▶ [Exercise objective] Find where "above h by simp" occurs in the data below, and retype that line and every later line exactly.

(Exercise inputs Opens)

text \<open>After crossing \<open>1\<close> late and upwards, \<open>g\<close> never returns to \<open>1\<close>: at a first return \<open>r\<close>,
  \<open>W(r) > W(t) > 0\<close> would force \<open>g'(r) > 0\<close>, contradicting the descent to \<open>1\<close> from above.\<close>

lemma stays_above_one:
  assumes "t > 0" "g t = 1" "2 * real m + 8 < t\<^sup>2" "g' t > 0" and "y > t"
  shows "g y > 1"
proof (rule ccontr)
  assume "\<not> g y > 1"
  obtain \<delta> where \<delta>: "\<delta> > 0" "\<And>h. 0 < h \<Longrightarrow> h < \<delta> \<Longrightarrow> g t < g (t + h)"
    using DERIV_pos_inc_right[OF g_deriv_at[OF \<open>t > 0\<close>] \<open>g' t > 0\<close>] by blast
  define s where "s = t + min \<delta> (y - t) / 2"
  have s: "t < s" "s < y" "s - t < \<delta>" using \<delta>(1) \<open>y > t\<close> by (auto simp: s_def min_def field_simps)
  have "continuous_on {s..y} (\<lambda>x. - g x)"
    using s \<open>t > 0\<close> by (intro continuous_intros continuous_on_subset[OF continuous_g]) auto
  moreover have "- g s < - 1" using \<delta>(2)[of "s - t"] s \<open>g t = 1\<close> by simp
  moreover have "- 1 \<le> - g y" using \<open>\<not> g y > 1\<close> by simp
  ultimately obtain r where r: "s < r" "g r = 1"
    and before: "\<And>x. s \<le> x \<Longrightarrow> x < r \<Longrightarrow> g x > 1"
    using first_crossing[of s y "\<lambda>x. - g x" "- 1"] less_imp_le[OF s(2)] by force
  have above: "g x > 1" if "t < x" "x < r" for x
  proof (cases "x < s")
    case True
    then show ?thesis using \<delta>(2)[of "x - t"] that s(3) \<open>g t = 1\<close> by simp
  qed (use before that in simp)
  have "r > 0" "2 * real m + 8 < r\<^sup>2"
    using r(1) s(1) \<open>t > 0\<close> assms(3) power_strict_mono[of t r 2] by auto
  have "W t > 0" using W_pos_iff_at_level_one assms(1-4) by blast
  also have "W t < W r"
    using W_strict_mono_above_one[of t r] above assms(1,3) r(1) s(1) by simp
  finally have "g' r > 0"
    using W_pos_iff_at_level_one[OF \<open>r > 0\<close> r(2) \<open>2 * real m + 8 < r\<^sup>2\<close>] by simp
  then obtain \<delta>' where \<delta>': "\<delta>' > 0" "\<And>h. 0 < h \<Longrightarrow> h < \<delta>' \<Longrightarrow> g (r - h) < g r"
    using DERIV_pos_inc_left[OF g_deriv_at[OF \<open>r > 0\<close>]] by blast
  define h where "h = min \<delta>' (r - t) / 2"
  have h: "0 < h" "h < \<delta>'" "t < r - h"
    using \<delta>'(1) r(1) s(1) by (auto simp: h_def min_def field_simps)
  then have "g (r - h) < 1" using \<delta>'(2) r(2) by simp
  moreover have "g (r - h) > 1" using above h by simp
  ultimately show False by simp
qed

(Exercise inputs Closes)

▶ [Solution for this task]
  moreover have "g (r - h) > 1" using above h by simp
  ultimately show False by simp
qed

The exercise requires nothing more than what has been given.